[WHAT THIS TASK INVOLVES]:
Every line of the entries below that includes "noteq" belongs in the answer, copied as written.

[RECORDS]:
####
lemma gauss_substitution_cot_part:
  fixes a b :: real
  assumes a: "a > 0" and b: "b > 0"
  shows "((\<lambda>\<phi>. 2 * gauss_integrand a b \<phi>) has_integral
           integral {pi/4 + arctan (b/a)..pi} (gauss_integrand ((a + b) / 2) (sqrt (a * b)))) {pi/4..pi/2}"
proof -
  define F where "F = gauss_integrand ((a + b) / 2) (sqrt (a * b))"
  define D where "D \<phi> = a\<^sup>2 * (cos \<phi>)\<^sup>2 + b\<^sup>2 * (sin \<phi>)\<^sup>2" for \<phi>
  define g where "g \<phi> = \<phi> + pi / 2 - arctan (a / b * (cos \<phi> / sin \<phi>))" for \<phi>
  have "arctan (b/a) = pi/2 - arctan (a/b)" using arctan_inverse[of "a/b"] a b by simp
  then have g_ends: "g (pi/4) = pi/4 + arctan (b/a)" "g (pi/2) = pi"
    unfolding g_def by (simp_all add: cos_45 sin_45)
  have sin_pos: "sin \<phi> > 0" if "\<phi> \<in> {pi/4..pi/2}" for \<phi>
    using that pi_gt_zero by (intro sin_gt_zero) (auto simp del: pi_gt_zero)
  have "g ` {pi/4..pi/2} \<subseteq> {0..pi}"
  proof
    fix y assume "y \<in> g ` {pi/4..pi/2}"
    then obtain \<phi> where \<phi>: "\<phi> \<in> {pi/4..pi/2}" "y = g \<phi>" by auto
    have "0 \<le> cos \<phi>" using \<phi>(1) pi_gt_zero by (intro cos_ge_zero) (auto simp del: pi_gt_zero)
    then have "0 \<le> arctan (a / b * (cos \<phi> / sin \<phi>))" using a b sin_pos[OF \<phi>(1)] by simp
    moreover have "pi/4 \<le> \<phi>" "\<phi> \<le> pi/2" using \<phi>(1) by auto
    ultimately show "y \<in> {0..pi}"
      using \<phi>(2) arctan_ubound[of "a / b * (cos \<phi> / sin \<phi>)"] pi_gt_zero
      unfolding g_def atLeastAtMost_iff by linarith
  qed
  then have "((\<lambda>\<phi>. (1 + a * b / D \<phi>) *\<^sub>R F (g \<phi>)) has_integral integral {g (pi/4)..g (pi/2)} F) {pi/4..pi/2}"
  proof (rule has_integral_substitution[where c = 0 and d = pi, rotated 2])
    show "g (pi/4) \<le> g (pi/2)" unfolding g_ends using arctan_ubound[of "b/a"] pi_gt_zero by linarith
    show "continuous_on {0..pi} F" unfolding F_def using a b by (intro continuous_on_gauss_integrand) auto
    fix \<phi> assume "\<phi> \<in> {pi/4..pi/2}"
    then show "(g has_real_derivative 1 + a * b / D \<phi>) (at \<phi> within {pi/4..pi/2})"
      unfolding g_def[abs_def] D_def
      using has_real_derivative_arctan_scaled_cot[OF a b sin_pos] has_field_derivative_at_within by blast
  qed (use pi_gt_zero in \<open>simp del: pi_gt_zero\<close>)
  moreover have "(1 + a * b / D \<phi>) *\<^sub>R F (g \<phi>) = 2 * gauss_integrand a b \<phi>" if "\<phi> \<in> {pi/4..pi/2}" for \<phi>
  proof -
    note cs = cos_sin_arctan_scaled_cot[OF a b sin_pos[OF that], folded D_def]
    have "sqrt (D \<phi>) > 0" unfolding D_def using a b by (simp add: gauss_quadratic_form_pos)
    then show ?thesis unfolding F_def D_def real_scaleR_def
      by (intro gauss_transformation_pointwise[OF a b], fold D_def)
        (unfold g_def cos_diff sin_diff cos_add sin_add cs, simp_all add: field_simps power2_eq_square)
  qed
  ultimately show ?thesis unfolding g_ends F_def by (subst (asm) has_integral_cong) auto
qed

lemma integral_gauss_integrand_0_pi:
  assumes "a \<noteq> 0" "b \<noteq> 0"
  shows "integral {0..pi} (gauss_integrand a b) = 2 * gauss_integral a b"
proof -
  define F where "F = gauss_integrand a b"
  have cont: "continuous_on S F" for S unfolding F_def using assms by (rule continuous_on_gauss_integrand)
  have "integral {pi/2..pi} F = integral {-pi..-(pi/2)} (\<lambda>x. F (-x))"
    using Henstock_Kurzweil_Integration.integral_reflect_real[of pi "pi/2" F] by simp
  also have "\<dots> = integral {0 + -pi..pi/2 + -pi} (\<lambda>x. F (-x))" by simp
  also have "\<dots> = integral {0..pi/2} ((\<lambda>x. F (-x)) \<circ> (\<lambda>x. x + -pi))"
    by (rule integral_shift[symmetric]) (intro continuous_intros continuous_on_compose2[OF cont[of UNIV]]; auto)
  also have "\<dots> = integral {0..pi/2} F" by (simp add: o_def F_def gauss_integrand_def[abs_def])
  finally have "integral {pi/2..pi} F = integral {0..pi/2} F" .
  moreover have "integral {0..pi/2} F + integral {pi/2..pi} F = integral {0..pi} F"
    using integrable_continuous_interval[OF cont] pi_gt_zero
    by (intro Henstock_Kurzweil_Integration.integral_combine) (auto simp del: pi_gt_zero)
  ultimately show ?thesis unfolding gauss_integral_def F_def by simp
qed

lemma gauss_integral_arith_geom_mean:
  fixes a b :: real
  assumes a: "a > 0" and b: "b > 0"
  shows "gauss_integral a b = gauss_integral ((a + b) / 2) (sqrt (a * b))"
proof -
  define F where "F = gauss_integrand ((a + b) / 2) (sqrt (a * b))"
  define m where "m = pi/4 + arctan (b/a)"
  have "0 < arctan (b/a)" using a b by simp
  then have m: "0 \<le> m" "m \<le> pi" unfolding m_def using arctan_ubound[of "b/a"] pi_gt_zero by linarith+
  have "((\<lambda>\<phi>. 2 * gauss_integrand a b \<phi>) has_integral integral {0..m} F + integral {m..pi} F) {0..pi/2}"
    unfolding m_def F_def using gauss_substitution_tan_part[OF a b] gauss_substitution_cot_part[OF a b]
    by (rule has_integral_combine[rotated 2]) (use pi_gt_zero in \<open>simp_all del: pi_gt_zero\<close>)
  also have "integral {0..m} F + integral {m..pi} F = integral {0..pi} F"
    unfolding F_def using m a b
    by (intro Henstock_Kurzweil_Integration.integral_combine integrable_continuous_interval continuous_on_gauss_integrand) auto
  also have "\<dots> = 2 * gauss_integral ((a + b) / 2) (sqrt (a * b))"
    unfolding F_def using a b by (intro integral_gauss_integrand_0_pi) auto
  finally have "integral {0..pi/2} (\<lambda>\<phi>. 2 * gauss_integrand a b \<phi>)
      = 2 * gauss_integral ((a + b) / 2) (sqrt (a * b))"
    by (rule integral_unique)
  then show ?thesis unfolding gauss_integral_def by simp
qed

lemma ellipK_eq_gauss_integral:
  fixes a b :: real
  assumes b: "0 < b" and ba: "b \<le> a"
  shows "ellipK (sqrt (1 - (b / a)\<^sup>2)) = a * gauss_integral a b"
proof -
  have a: "a > 0" using b ba by linarith
  have "1 - (b / a)\<^sup>2 \<ge> 0" using a b ba by (simp add: power_le_one power_divide)
  then have "1 - (sqrt (1 - (b / a)\<^sup>2))\<^sup>2 * (sin t)\<^sup>2 = (a\<^sup>2 * (cos t)\<^sup>2 + b\<^sup>2 * (sin t)\<^sup>2) / a\<^sup>2" for t
    using a by (simp add: cos_squared_eq power_divide field_simps)
  then have "1 / sqrt (1 - (sqrt (1 - (b / a)\<^sup>2))\<^sup>2 * (sin t)\<^sup>2) = a * gauss_integrand a b t" for t
    using a by (simp add: gauss_integrand_def real_sqrt_divide)
  then show ?thesis unfolding ellipK_def gauss_integral_def by simp
qed

section \<open>The coefficients of the period integral on \<open>(\<alpha>0, \<alpha>1)\<close>\<close>

definition period_cos_coeff :: "real \<Rightarrow> real \<Rightarrow> real \<Rightarrow> real" where
  "period_cos_coeff \<omega> c \<eta>3 = \<eta>3 * sqrt (Apoly \<omega> c \<eta>3)"

definition period_sin_coeff :: "real \<Rightarrow> real \<Rightarrow> real \<Rightarrow> real" where
  "period_sin_coeff \<omega> c \<eta>3 = (\<eta>3 - eta1 \<omega> c \<eta>3) * eta2 \<omega> c \<eta>3"

lemma sqrt_Apoly_eq_eta2_minus_eta1:
  fixes \<omega> c \<eta>3 :: real
  shows "sqrt (Apoly \<omega> c \<eta>3) = eta2 \<omega> c \<eta>3 - eta1 \<omega> c \<eta>3"
  unfolding eta1_def eta2_def by (simp add: field_simps)

lemma eta1_plus_eta2:
  fixes \<omega> c \<eta>3 :: real
  shows "eta1 \<omega> c \<eta>3 + eta2 \<omega> c \<eta>3 = 4 * c - \<eta>3"
  unfolding eta1_def eta2_def by (simp add: field_simps)

lemma ksq_eq_one_minus_coeff_ratio:
  fixes \<omega> c \<eta>3 :: real
  assumes "period_cos_coeff \<omega> c \<eta>3 \<noteq> 0"
  shows "ksq \<omega> c \<eta>3 = 1 - period_sin_coeff \<omega> c \<eta>3 / period_cos_coeff \<omega> c \<eta>3"
  using assms unfolding ksq_def period_cos_coeff_def period_sin_coeff_def sqrt_Apoly_eq_eta2_minus_eta1
  by (simp add: field_simps)

lemma eta_bounds:
  fixes \<omega> c e :: real
  assumes H: "\<omega> > c\<^sup>2 / 4 \<or> (\<omega> = c\<^sup>2 / 4 \<and> c > 0)"
    and e0: "alpha0 \<omega> c < e" and e1: "e < alpha1 \<omega> c"
  shows "Apoly \<omega> c e > 0" "eta1 \<omega> c e < 0" "eta2 \<omega> c e > 0" "eta2 \<omega> c e < e"
proof -
  have "c > 0 \<Longrightarrow> c\<^sup>2 / 4 > 0" by simp
  then have \<omega>: "\<omega> > 0" using H zero_le_power2[of c] by linarith
  define r where "r = sqrt (48 * \<omega> + 4 * c\<^sup>2)"
  have r: "r > 0" "r\<^sup>2 = 48 * \<omega> + 4 * c\<^sup>2" unfolding r_def using \<omega> by (auto intro: add_pos_nonneg)
  have "\<bar>2 * c\<bar> \<le> r" unfolding r_def using \<omega>
    by (intro real_le_rsqrt) (simp add: power2_eq_square)
  then have lower: "4 * c + r < 3 * e" and "e - 2 * c < 4 * sqrt \<omega>"
    using e0 e1 unfolding alpha0_def alpha1_def r_def[symmetric] by auto
  then have "(e - 2 * c)\<^sup>2 < (4 * sqrt \<omega>)\<^sup>2"
    using \<open>\<bar>2 * c\<bar> \<le> r\<close> by (intro power_strict_mono) auto
  also have "\<dots> = 16 * \<omega>" using \<omega> by (simp add: power_mult_distrib)
  finally have A_gt: "Apoly \<omega> c e > (4 * c - e)\<^sup>2"
    using \<omega> unfolding Apoly_def by (simp add: power2_eq_square algebra_simps)
  then show A_pos: "Apoly \<omega> c e > 0" by (meson le_less_trans zero_le_power2)
  define s where "s = sqrt (Apoly \<omega> c e)"
  have "\<bar>4 * c - e\<bar> < s" unfolding s_def using A_gt real_less_rsqrt by fastforce
  then show "eta1 \<omega> c e < 0" "eta2 \<omega> c e > 0"
    unfolding eta1_def eta2_def s_def[symmetric] by (auto simp: abs_less_iff)
  have "s\<^sup>2 < (3 * e - 4 * c)\<^sup>2"
  proof -
    have "r\<^sup>2 < (3 * e - 4 * c)\<^sup>2" using lower r by (intro power_strict_mono) auto
    then show ?thesis unfolding s_def using A_pos r(2) unfolding Apoly_def
      by (simp add: power2_eq_square algebra_simps)
  qed
  then have "s < 3 * e - 4 * c" using lower r by (smt (verit) power_mono)
  then show "eta2 \<omega> c e < e" unfolding eta2_def s_def[symmetric] by simp
qed

text \<open>\<open>p\<close>, \<open>v\<close>, \<open>x\<close> are the gaps \<open>\<eta>2 - 0\<close>, \<open>0 - \<eta>1\<close>, \<open>\<eta>3 - \<eta>2\<close> of the ordered roots
  \<open>\<eta>1 < 0 < \<eta>2 < \<eta>3\<close> (see \<open>eta_bounds\<close>).\<close>

lemma period_coeffs_gap_coordinates:
  fixes \<omega> c e :: real
  defines "p \<equiv> eta2 \<omega> c e" and "v \<equiv> - eta1 \<omega> c e" and "x \<equiv> e - eta2 \<omega> c e"
  shows "sqrt (Apoly \<omega> c e) = p + v" "e = p + x" "4 * c = 2 * p + x - v"
    "period_cos_coeff \<omega> c e = (p + x) * (p + v)" "period_sin_coeff \<omega> c e = (p + x + v) * p"
  using sqrt_Apoly_eq_eta2_minus_eta1[of \<omega> c e] eta1_plus_eta2[of \<omega> c e]
  unfolding p_def v_def x_def period_cos_coeff_def period_sin_coeff_def by simp_all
####
[REPLY]:
  assumes "a \<noteq> 0" "b \<noteq> 0"
  assumes "period_cos_coeff \<omega> c \<eta>3 \<noteq> 0"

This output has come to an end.